lemma sum_represents_vertex_if_represents_axes:
  fixes x :: "int \<Rightarrow> int \<Rightarrow> real^'m"
  assumes GP: "general_position x"
    and edge_i: "\<And>i j. p (i+1) - p i \<in> span {x i j, x (i+1) j}"
    and edge_j: "\<And>i j. q (j+1) - q j \<in> span {x i j, x i (j+1)}"
    and axis_i: "\<And>i. p i + q 0 \<in> span {x i 0} \<and> p i + q 0 \<noteq> 0"
    and axis_j: "\<And>j. p 0 + q j \<in> span {x 0 j} \<and> p 0 + q j \<noteq> 0"
  shows "p i + q j \<in> span {x i j} \<and> p i + q j \<noteq> 0"
proof -
  define R where "R i j \<longleftrightarrow> p i + q j \<in> span {x i j} \<and> p i + q j \<noteq> 0" for i j
  note gp = general_position_not_in_span[OF GP]
  have edge_i': "p i - p (i+1) \<in> span {x (i+1) j, x i j}" for i j
  proof -
    have "p (i+1) - p i \<in> span {x i j, x (i+1) j}" by (rule edge_i)
    from span_neg[OF this] show ?thesis by (simp add: insert_commute[of "x i j"])
  qed
  have edge_j': "q j - q (j+1) \<in> span {x i (j+1), x i j}" for i j
  proof -
    have "q (j+1) - q j \<in> span {x i j, x i (j+1)}" by (rule edge_j)
    from span_neg[OF this] show ?thesis by (simp add: insert_commute[of "x i j"])
  qed
  have "R i j"
  proof (rule int_grid_induct[of R])
    show "R i 0" "R 0 j" for i j using axis_i axis_j by (simp_all add: R_def)
    show "R (i+1) (j+1)" if "R i j" "R (i+1) j" "R i (j+1)" for i j
      unfolding R_def
      by (rule parallelogram_fourth_vertex[where a = "x i j" and b = "x (i+1) j" and d = "x i (j+1)"
          and A = "p i + q j" and B = "p (i+1) + q j" and D = "p i + q (j+1)"])
        (use that[unfolded R_def] gp edge_i edge_j in auto)
    show "R (i+1) j" if "R i j" "R i (j+1)" "R (i+1) (j+1)" for i j
      unfolding R_def
      by (rule parallelogram_fourth_vertex[where a = "x i (j+1)" and b = "x (i+1) (j+1)" and d = "x i j"
          and A = "p i + q (j+1)" and B = "p (i+1) + q (j+1)" and D = "p i + q j"])
        (use that[unfolded R_def] gp edge_i edge_j' in auto)
    show "R i (j+1)" if "R i j" "R (i+1) j" "R (i+1) (j+1)" for i j
      unfolding R_def
      by (rule parallelogram_fourth_vertex[where a = "x (i+1) j" and b = "x (i+1) (j+1)" and d = "x i j"
          and A = "p (i+1) + q j" and B = "p (i+1) + q (j+1)" and D = "p i + q j"])
        (use that[unfolded R_def] gp edge_i' edge_j in auto)
    show "R i j" if "R (i+1) j" "R i (j+1)" "R (i+1) (j+1)" for i j
      unfolding R_def
      by (rule parallelogram_fourth_vertex[where a = "x (i+1) (j+1)" and b = "x (i+1) j" and d = "x i (j+1)"
          and A = "p (i+1) + q (j+1)" and B = "p (i+1) + q j" and D = "p i + q (j+1)"])
        (use that[unfolded R_def] gp edge_i' edge_j' in auto)
  qed
  then show ?thesis by (simp add: R_def)
qed
lemma spec_norm_sin_theta_le_cogram:
  fixes X Y :: "real mat"
  assumes X: "X \<in> carrier_mat n r" and Y: "Y \<in> carrier_mat n r" and "0 \<le> c"
    and bound: "\<And>x \<mu>. x \<in> carrier_vec r \<Longrightarrow> vnorm x = 1 \<Longrightarrow>
      ((transpose_mat X * Y) * transpose_mat (transpose_mat X * Y)) *\<^sub>v x = \<mu> \<cdot>\<^sub>v x \<Longrightarrow>
      0 \<le> 1 - \<mu> \<and> sqrt (1 - \<mu>) \<le> c"
  shows "spec_norm (sin_theta X Y) \<le> c"
proof (rule spec_norm_sin_theta_le[OF X \<open>0 \<le> c\<close>])
  fix i assume "i < r"
  then show "0 \<le> 1 - (sing_val (transpose_mat X * Y) (Suc i))\<^sup>2
      \<and> sqrt (1 - (sing_val (transpose_mat X * Y) (Suc i))\<^sup>2) \<le> c"
    using sing_val_eigenvector(2)[of "transpose_mat X * Y" r i] X Y bound by auto
qed

lemma sin_theta_lead_cols_le:
  fixes A B U S V Ub Sb Vb :: "real mat"
  assumes A: "A \<in> carrier_mat n m" and B: "B \<in> carrier_mat n m"
    and r: "1 \<le> r" "r < min n m"
    and svdA: "is_svd A U S V" and svdB: "is_svd B Ub Sb Vb"
    and gapA: "sval Sb (r + 1) < sval S r" and gapB: "sval S (r + 1) < sval Sb r"
  shows "spec_norm (sin_theta (lead_cols U r) (lead_cols Ub r)) \<le> min
      ((sval Sb r * spec_norm ((B - A) * lead_cols Vb r)
        + sval S (r + 1) * spec_norm (transpose_mat (B - A) * lead_cols Ub r))
       / ((sval Sb r)\<^sup>2 - (sval S (r + 1))\<^sup>2))
      ((sval S r * spec_norm ((B - A) * lead_cols V r)
        + sval Sb (r + 1) * spec_norm (transpose_mat (lead_cols U r) * (B - A)))
       / ((sval S r)\<^sup>2 - (sval Sb (r + 1))\<^sup>2))" (is "?l \<le> min ?gram ?cogram")
proof -
  have U1: "lead_cols U r \<in> carrier_mat n r" and Ub1: "lead_cols Ub r \<in> carrier_mat n r"
    using is_svdD(1)[OF svdA A] is_svdD(1)[OF svdB B] by auto
  have quotient_nonneg: "0 \<le> (t * E + s * F) / (t\<^sup>2 - s\<^sup>2)"
    if "0 \<le> s" "s < t" "0 \<le> E" "0 \<le> F" for s t E F :: real
    using that by (intro divide_nonneg_pos) (simp_all add: power_strict_mono)
  have "?l \<le> ?gram"
    using wedin_eigen_bound[OF A B r svdA svdB gapB]
    by (intro spec_norm_sin_theta_le_gram[OF U1 Ub1] quotient_nonneg sval_nonneg[OF svdA A] gapB
        spec_norm_nonneg)
  moreover have "?l \<le> ?cogram"
    using wedin_eigen_bound_cogram[OF A B r svdA svdB gapA]
    by (intro spec_norm_sin_theta_le_cogram[OF U1 Ub1] quotient_nonneg sval_nonneg[OF svdB B] gapA
        spec_norm_nonneg)
  ultimately show ?thesis by simp
qed


lemma sin_theta_lead_cols_le_gap:
  fixes A B U S V Ub Sb Vb :: "real mat"
  assumes A: "A \<in> carrier_mat n m" and B: "B \<in> carrier_mat n m"
    and r: "1 \<le> r" "r < min n m"
    and svdA: "is_svd A U S V" and svdB: "is_svd B Ub Sb Vb"
    and gapA: "sval Sb (r + 1) < sval S r" and gapB: "sval S (r + 1) < sval Sb r"
  shows "spec_norm (sin_theta (lead_cols U r) (lead_cols Ub r)) \<le>
    min (1 / (sval S r - sval Sb (r + 1))) (1 / (sval Sb r - sval S (r + 1))) * spec_norm (B - A)"
proof -
  have BA: "B - A \<in> carrier_mat n m" using A B by (intro minus_carrier_mat) auto
  have r_le: "r \<le> min n m" using r by simp
  note U1 = svd_lead_cols_orthonormal(1,2)[OF svdA A r_le] and V1 = svd_lead_cols_orthonormal(3,4)[OF svdA A r_le]
    and Ub1 = svd_lead_cols_orthonormal(1,2)[OF svdB B r_le] and Vb1 = svd_lead_cols_orthonormal(3,4)[OF svdB B r_le]
  have first: "(sval Sb r * spec_norm ((B - A) * lead_cols Vb r)
        + sval S (r + 1) * spec_norm (transpose_mat (B - A) * lead_cols Ub r))
       / ((sval Sb r)\<^sup>2 - (sval S (r + 1))\<^sup>2) \<le> spec_norm (B - A) / (sval Sb r - sval S (r + 1))"
    using spec_norm_mult_orthonormal_le[OF BA Vb1] spec_norm_transpose[of "B - A"]
      spec_norm_mult_orthonormal_le[of "transpose_mat (B - A)" m n, OF _ Ub1] BA
    by (intro wedin_quotient_le_gap gapB sval_nonneg[OF svdA A] spec_norm_nonneg) auto
  have second: "(sval S r * spec_norm ((B - A) * lead_cols V r)
        + sval Sb (r + 1) * spec_norm (transpose_mat (lead_cols U r) * (B - A)))
       / ((sval S r)\<^sup>2 - (sval Sb (r + 1))\<^sup>2) \<le> spec_norm (B - A) / (sval S r - sval Sb (r + 1))"
    using spec_norm_mult_orthonormal_le[OF BA V1] spec_norm_transpose_mult_orthonormal_le[OF BA U1]
    by (intro wedin_quotient_le_gap gapA sval_nonneg[OF svdB B] spec_norm_nonneg)
  have "min (1 / (sval S r - sval Sb (r + 1))) (1 / (sval Sb r - sval S (r + 1))) * spec_norm (B - A)
      = min (spec_norm (B - A) / (sval S r - sval Sb (r + 1))) (spec_norm (B - A) / (sval Sb r - sval S (r + 1)))"
    using spec_norm_nonneg[of "B - A"] by (simp add: min_mult_distrib_right)
  then show ?thesis
    using sin_theta_lead_cols_le[OF A B r svdA svdB gapA gapB] first second by linarith
qed
(* Let $m\ge n$, $B\in\mathbb R^{n\times m}$ of full row rank, $f:\mathbb R^m\to\mathbb R$ and $h:\mathbb R^n\to\mathbb R$ convex and continuously differentiable with Lipschitz gradients, $\mathcal L(u,p)=f(u)-h(p)+(Bu,p)$, and $(u^*,p^* )$ a saddle point of $\mathcal L$. Let $T_{\mathcal U},\mathcal I_{\mathcal V}$ ($m\times m$) and $T_{\mathcal P},\mathcal I_{\mathcal Q}$ ($n\times n$) be symmetric positive definite. Suppose $h\in\mathcal S^{1,1}_{\mu_{h,T_{\mathcal P}},L_{h,T_{\mathcal P}}}$ w.r.t. $T_{\mathcal P}$ with $L_{h,T_{\mathcal P}}\le1$, $f\in\mathcal S^{1,1}_{\mu_{f,T_{\mathcal U}},L_{f,T_{\mathcal U}}}$ w.r.t. $T_{\mathcal U}$ with $L_{f,T_{\mathcal U}}\le1$, and $f_B$ is strongly convex w.r.t. $\mathcal I_{\mathcal V}$ with constant $\mu_{f_B,\mathcal I_{\mathcal V}}>0$. Define the symmetric TPD field $\mathcal G=(\mathcal G^u,\mathcal G^p)$, $$\mathcal G^u(u,p)=-\mathcal I_{\mathcal V}^{-1}\big(\partial_u\mathcal L(u,p)+B^\top T_{\mathcal P}^{-1}\partial_p\mathcal L(u,p)\big),\qquad \mathcal G^p(u,p)=\mathcal I_{\mathcal Q}^{-1}\big(\partial_p\mathcal L(u,p)-BT_{\mathcal U}^{-1}\partial_u\mathcal L(u,p)\big),$$ and $\mathcal E(u,p)=\frac12\|u-u^*\|^2_{\mathcal I_{\mathcal V}}+\frac12\|p-p^*\|^2_{\mathcal I_{\mathcal Q}}$. Then for all $(u,p)$, $$-\nabla\mathcal E(u,p)\cdot\mathcal G(u,p)\ge\mu\,\mathcal E(u,p)+\frac{\mu_{f,T_{\mathcal U}}}{2}\|v-v^*\|^2_{T_{\mathcal U}}+\frac{\mu_{h,T_{\mathcal P}}}{2}\|q-q^*\|^2_{T_{\mathcal P}},$$ where $0<\mu=\min\{\mu_{f_B,\mathcal I_{\mathcal V}},\mu_{h_B,\mathcal I_{\mathcal Q}}\}$. Consequently, if $(u(t),p(t))$ solves $u'=\mathcal G^u(u,p)$, $p'=\mathcal G^p(u,p)$, then $\mathcal E(u(t),p(t))\le e^{-\mu t}\mathcal E(u(0),p(0))$ for all $t>0$.
   Context: $\partial_u\mathcal L(u,p)=\nabla f(u)+B^\top p$, $\partial_p\mathcal L(u,p)=Bu-\nabla h(p)$; a saddle point satisfies $\partial_u\mathcal L(u^*,p^* )=0$, $\partial_p\mathcal L(u^*,p^* )=0$. For SPD $M$, $\|x\|_M=(Mx,x)^{1/2}$; $D_g(y,x)=g(y)-g(x)-(\nabla g(x),y-x)$; $g\in\mathcal S^{1,1}_{\mu_{g,M},L_{g,M}}$ w.r.t. $M$ means $\frac{\mu_{g,M}}2\|x-y\|_M^2\le D_g(y,x)\le\frac{L_{g,M}}2\|x-y\|_M^2$ for all $x,y$ ($\mu_{g,M}\ge0$); strong convexity with constant $\mu_{g,M}$ means the lower bound holds. Define $f_B(u)=f(u)+\frac12(B^\top T_{\mathcal P}^{-1}Bu,u)$, $h_B(p)=h(p)+\frac12(BT_{\mathcal U}^{-1}B^\top p,p)$ with strong convexity constant $\mu_{h_B,\mathcal I_{\mathcal Q}}$ w.r.t. $\mathcal I_{\mathcal Q}$; $v=u+T_{\mathcal U}^{-1}B^\top p$, $q=p-T_{\mathcal P}^{-1}Bu$, and $v^*,q^*$ the same expressions at $(u^*,p^* )$. $\nabla\mathcal E\cdot\mathcal G$ means $(\mathcal I_{\mathcal V}(u-u^* ),\mathcal G^u)+(\mathcal I_{\mathcal Q}(p-p^* ),\mathcal G^p)$. *)

theory Defs
  imports "HOL-Analysis.Analysis"
begin

definition spd :: "real^'k^'k \<Rightarrow> bool" where
  "spd M \<longleftrightarrow> transpose M = M \<and> (\<forall>x. x \<noteq> 0 \<longrightarrow> x \<bullet> (M *v x) > 0)"

definition mnorm :: "real^'k^'k \<Rightarrow> real^'k \<Rightarrow> real" where
  "mnorm M x = sqrt ((M *v x) \<bullet> x)"

definition bregman :: "(real^'k \<Rightarrow> real) \<Rightarrow> (real^'k \<Rightarrow> real^'k) \<Rightarrow> real^'k \<Rightarrow> real^'k \<Rightarrow> real" where
  "bregman g gg y x = g y - g x - gg x \<bullet> (y - x)"

definition S11 :: "(real^'k \<Rightarrow> real) \<Rightarrow> (real^'k \<Rightarrow> real^'k) \<Rightarrow> real^'k^'k \<Rightarrow> real \<Rightarrow> real \<Rightarrow> bool" where
  "S11 g gg M \<mu> L \<longleftrightarrow> \<mu> \<ge> 0 \<and>
     (\<forall>x y. \<mu> / 2 * (mnorm M (x - y))\<^sup>2 \<le> bregman g gg y x \<and>
            bregman g gg y x \<le> L / 2 * (mnorm M (x - y))\<^sup>2)"

definition strongly_convex_wrt :: "(real^'k \<Rightarrow> real) \<Rightarrow> (real^'k \<Rightarrow> real^'k) \<Rightarrow> real^'k^'k \<Rightarrow> real \<Rightarrow> bool" where
  "strongly_convex_wrt g gg M \<mu> \<longleftrightarrow>
     (\<forall>x y. \<mu> / 2 * (mnorm M (x - y))\<^sup>2 \<le> bregman g gg y x)"

definition sc_const :: "(real^'k \<Rightarrow> real) \<Rightarrow> (real^'k \<Rightarrow> real^'k) \<Rightarrow> real^'k^'k \<Rightarrow> real" where
  "sc_const g gg M = Sup {c. strongly_convex_wrt g gg M c}"

end

theory Submission
  imports Defs
begin

text \<open>With \<open>\<xi> = u - u\<^sup>*\<close>, \<open>\<eta> = p - p\<^sup>*\<close>, \<open>s = T\<^sub>U\<inverse> B\<^sup>T \<eta>\<close> and \<open>t = T\<^sub>P\<inverse> B \<xi>\<close> one has
  \<open>v - v\<^sup>* = \<xi> + s\<close> and \<open>q - q\<^sup>* = \<eta> - t\<close>. By the saddle point equations, \<open>-\<nabla>\<E> \<cdot> \<G>\<close> is a
  sum of inner products of \<open>\<xi>, \<eta>, s, t\<close> with the gradient differences of \<open>f\<close> and \<open>h\<close>, in which
  the skew coupling \<open>(B \<xi>, \<eta>)\<close> cancels. Strong monotonicity of \<open>\<nabla>f\<^sub>B\<close> and \<open>\<nabla>h\<^sub>B\<close> bounds one
  half of it below by \<open>\<mu> \<E>\<close>. The other half is bounded below by the \<open>S\<^sup>1\<^sup>,\<^sup>1\<close> bounds of \<open>f\<close> and
  \<open>h\<close> at the shifted points \<open>u + s\<close> and \<open>p - t\<close>, where \<open>L \<le> 1\<close> absorbs the quadratic terms in
  \<open>s\<close> and \<open>t\<close>. Full row rank of \<open>B\<close> makes \<open>B T\<^sub>U\<inverse> B\<^sup>T\<close> positive definite, hence
  \<open>\<mu>\<^sub>h\<^sub>B > 0\<close>, and the decay of \<open>\<E>\<close> along the flow follows from \<open>(e\<^sup>\<mu>\<^sup>t \<E>)' \<le> 0\<close>.\<close>

section \<open>Symmetric positive definite matrices\<close>

lemma inner_matrix_vector_left: "(A *v x) \<bullet> y = x \<bullet> (transpose A *v y)"
  for A :: "real^'m^'n"
  by (metis dot_lmul_matrix vector_transpose_matrix)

* _ACTIVITY_: Of the entries above, repeat exactly the lines between the line with "M \<longleftrightarrow> transpose" and the line with "L \<longleftrightarrow> \<mu> \<ge> 0 \<and>", inclusive, and no others.

* _WRITTEN RESPONSE_:
  "spd M \<longleftrightarrow> transpose M = M \<and> (\<forall>x. x \<noteq> 0 \<longrightarrow> x \<bullet> (M *v x) > 0)"

definition mnorm :: "real^'k^'k \<Rightarrow> real^'k \<Rightarrow> real" where
  "mnorm M x = sqrt ((M *v x) \<bullet> x)"

definition bregman :: "(real^'k \<Rightarrow> real) \<Rightarrow> (real^'k \<Rightarrow> real^'k) \<Rightarrow> real^'k \<Rightarrow> real^'k \<Rightarrow> real" where
  "bregman g gg y x = g y - g x - gg x \<bullet> (y - x)"

definition S11 :: "(real^'k \<Rightarrow> real) \<Rightarrow> (real^'k \<Rightarrow> real^'k) \<Rightarrow> real^'k^'k \<Rightarrow> real \<Rightarrow> real \<Rightarrow> bool" where
  "S11 g gg M \<mu> L \<longleftrightarrow> \<mu> \<ge> 0 \<and>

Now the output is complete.